The next year, 1833, things went well, and there were few conflicts of temperament to interrupt the work. FitzRoy began the year genially by naming a body of water in Tierra del Fuego “Darwin Sound,” explaining in his Narrative of the voyage, “after my messmate who so willingly encountered the discomfort and risk of a long cruise in a small loaded boat.” He ended it with equal geniality, organizing Christmas contests in running, jumping, wrestling, and other sports among the seamen, and distributing prizes to the winners.
The following year, FitzRoy named “Mount Darwin” after his persevering messmate, and later in the year delayed the Beagle ten days because Darwin was sick on shore, without telling him that it was for his sake. Darwin mentioned in a letter to a friend that the captain abhorred “the d — d scientific Whigs,” but the reference seems amiable enough, and when they had a moderate discussion about the fixity of species, in connection with a wolflike fox on East Falkland Island, oddly enough it was FitzRoy who took the liberal, or mildly evolutionary, view, arguing that it might be a modification of the Patagonian fox, rather than a distinctly created species. The sudden blow came in November, when FitzRoy, overworked, furious with the Admiralty for refusing to support him in purchasing some auxiliary vessels to help the Beagle’s survey (Darwin agreed with him that it was discrimination because he was a Tory), and in general morbidly depressed, irresolute, and obsessed with the idea that he was becoming insane, suddenly resigned his command for reasons of ill health. Darwin determined to leave the ship when he did, but FitzRoy was eventually persuaded by the officers to withdraw his resignation and finish the voyage. By the next March, Darwin was writing Caroline, “The Captain is quite himself again.”
In July of 1835, the captain was so much himself again that he had a furious quarrel with the commodore above him, in regard to the commodore’s slowness in rescuing a shipwrecked British crew; he threatened the old man with courtmartial, and in general, as Darwin wrote gleefully and illiterately to Caroline, showed everyone what a “taught hand” he was. During that year, Darwin and FitzRoy roomed together on shore at Coquimbo, and at Concepción again quarreled violently, this time over a matter of the greatest triviality. FitzRoy complained that the hospitality of the inhabitants obliged him to give a great party for them, Darwin argued that he was under no such obligation, FitzRoy “burst out into a fury” and shouted that Darwin “was the sort of man who would receive any favours and make no return,” and Darwin got up, left the ship, and went to his lodgings on shore. When he came back to the ship after a few days, the storm had blown over and the captain was as cordial as ever, but the first lieutenant said to him: “Confound you, philosopher, I wish you would not quarrel with the Skipper; the day you left the ship I was dead-tired, and he kept me walking the deck till midnight abusing you all the time.”
By January, 1836, Darwin was less optimistic about FitzRoy’s chances of becoming a Napoleon or Nelson. He wrote to Susan:
I have been for the last 12 months on very cordial terms with him. — He is an extraordinary but noble character, unfortunately, however, affected with strong peculiarities of temper. Of this, no man is more aware than himself, as he shows by his attempts to conquer them. I often doubt what will be his end; under many circumstances I am sure it would be a brilliant one, under others I fear a very unhappy one.

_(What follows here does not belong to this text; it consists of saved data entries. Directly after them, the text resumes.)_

(* Fix $N\ge1$. For $i\ge1$ let $f_i,g_i,h_i$ be quasimodular forms of weight $i$ on $\Gamma_1(N)$. Let $u,v,w\ge1$ and $f=\sum_{i=1}^uf_i$, $g=\sum_{i=1}^vg_i$, $h=\sum_{i=1}^wh_i$. If $f,g,h$ are algebraically dependent over $\mathbb{C}$, then $f_u,g_v,h_w$ are algebraically dependent over $\mathbb{C}$.
   Context: A quasimodular form of weight $k$ on a group $\Gamma$ is a holomorphic function $f$ on the upper half-plane, holomorphic at the cusps, such that for all $\gamma=\begin{pmatrix}a&b\\c&d\end{pmatrix}\in\Gamma$, $(cz+d)^{-k}f(\gamma z)=\sum_{0\le i\le p}F_i(z)\bigl(\frac{c}{cz+d}\bigr)^i$ for holomorphic functions $F_i$ holomorphic at the cusps. *)

theory Defs
  imports "HOL-Analysis.Analysis"
begin

definition upper_half_plane :: "complex set" where
  "upper_half_plane = {z. Im z > 0}"

definition Gamma1 :: "int \<Rightarrow> (int \<times> int \<times> int \<times> int) set" where
  "Gamma1 N = {(a,b,c,d). a*d - b*c = 1 \<and> a mod N = 1 mod N \<and> d mod N = 1 mod N \<and> c mod N = 0}"

definition moebius_act :: "int \<times> int \<times> int \<times> int \<Rightarrow> complex \<Rightarrow> complex" where
  "moebius_act \<gamma> z = (case \<gamma> of (a,b,c,d) \<Rightarrow> (of_int a * z + of_int b) / (of_int c * z + of_int d))"
lemma ln_Gamma_nat_plus_asymp:
  fixes a :: real
  assumes "a > 0"
  shows "(\<lambda>j. ln (Gamma (real j + 1 + a)) - ln (fact j) - a * ln (real j)) \<longlonglongrightarrow> 0"
proof -
  have "a \<notin> \<int>\<^sub>\<le>\<^sub>0" using assms by (auto dest: nonpos_Ints_nonpos)
  have Gamma_pos: "Gamma a > 0" "Gamma (real j + 1 + a) > 0" for j
    using assms by (simp_all add: Gamma_real_pos)
  have "ln (Gamma a) - ln (Gamma_series a j) = ln (Gamma (real j + 1 + a)) - ln (fact j) - a * ln (real j)" for j
  proof -
    have "pochhammer a (j + 1) = Gamma (real j + 1 + a) / Gamma a"
      using pochhammer_Gamma[of a] \<open>a \<notin> \<int>\<^sub>\<le>\<^sub>0\<close> by (simp add: add_ac)
    then have "Gamma_series a j = fact j * exp (a * ln (real j)) * Gamma a / Gamma (real j + 1 + a)"
      unfolding Gamma_series_def by simp
    then show ?thesis
      using Gamma_pos(1) Gamma_pos(2)[of j] by (simp add: ln_mult_pos ln_div)
  qed
  moreover have "(\<lambda>j. ln (Gamma a) - ln (Gamma_series a j)) \<longlonglongrightarrow> ln (Gamma a) - ln (Gamma a)"
    using Gamma_pos by (intro tendsto_intros Gamma_series_LIMSEQ) auto
  ultimately show ?thesis by simp
qed

lemma Gamma_legendre_duplication_real:
  fixes z :: real
  assumes "z > 0"
  shows "Gamma z * Gamma (z + 1/2) = exp ((1 - 2 * z) * ln 2) * sqrt pi * Gamma (2 * z)"
proof -
  have half: "complex_of_real z + 1/2 = complex_of_real (z + 1/2)" by simp
  have "complex_of_real z \<notin> \<int>\<^sub>\<le>\<^sub>0" "complex_of_real z + 1/2 \<notin> \<int>\<^sub>\<le>\<^sub>0"
    unfolding half of_real_in_nonpos_Ints_iff using assms by (auto dest: nonpos_Ints_nonpos)
  from Gamma_legendre_duplication[OF this]
  have "complex_of_real (Gamma z * Gamma (z + 1/2)) =
        complex_of_real (exp ((1 - 2 * z) * ln 2) * sqrt pi * Gamma (2 * z))"
    by (simp add: Gamma_complex_of_real[symmetric] exp_of_real[symmetric])
  then show ?thesis by (simp only: of_real_eq_iff)
qed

In April, he wrote Caroline, “The Captain is daily becoming a happier man,” and that FitzRoy had liked what he read of Darwin’s journal (which later became The Voyage of the Beagle) and suggested its publication. In June they wrote an article together, advocating support for the missionaries in the Pacific, and when they got to Cape Town, had it published in the South African Christian Recorder over their joint signature. For the last few months of the voyage, things were again placid.
EACH committed to print a later retrospect of the voyage. FitzRoy’s Narrative of the Voyage of H.M.S. Beagle, published in 1839, frequently mentions Darwin’s activities as a naturalist, but he seems to have been chiefly impressed by Darwin’s quick thinking and endurance, and he tells one story of Darwin’s rescuing their boat from destruction, and another of Darwin going off to find water for one of their expeditions on land when FitzRoy and the rest of the party had succumbed to exhaustion. Darwin’s Voyage, published at the same time, says almost nothing personal about the captain besides acknowledging his “undeviating kindness.” By 1876, when he wrote his Autobiography, Darwin chiefly remembered FitzRoy’s temper and their quarrels, and he summarized somewhat gracelessly: “He was very kind to me, but was a man very difficult to live with on the intimate terms which necessarily followed from our messing by ourselves in the same cabin.”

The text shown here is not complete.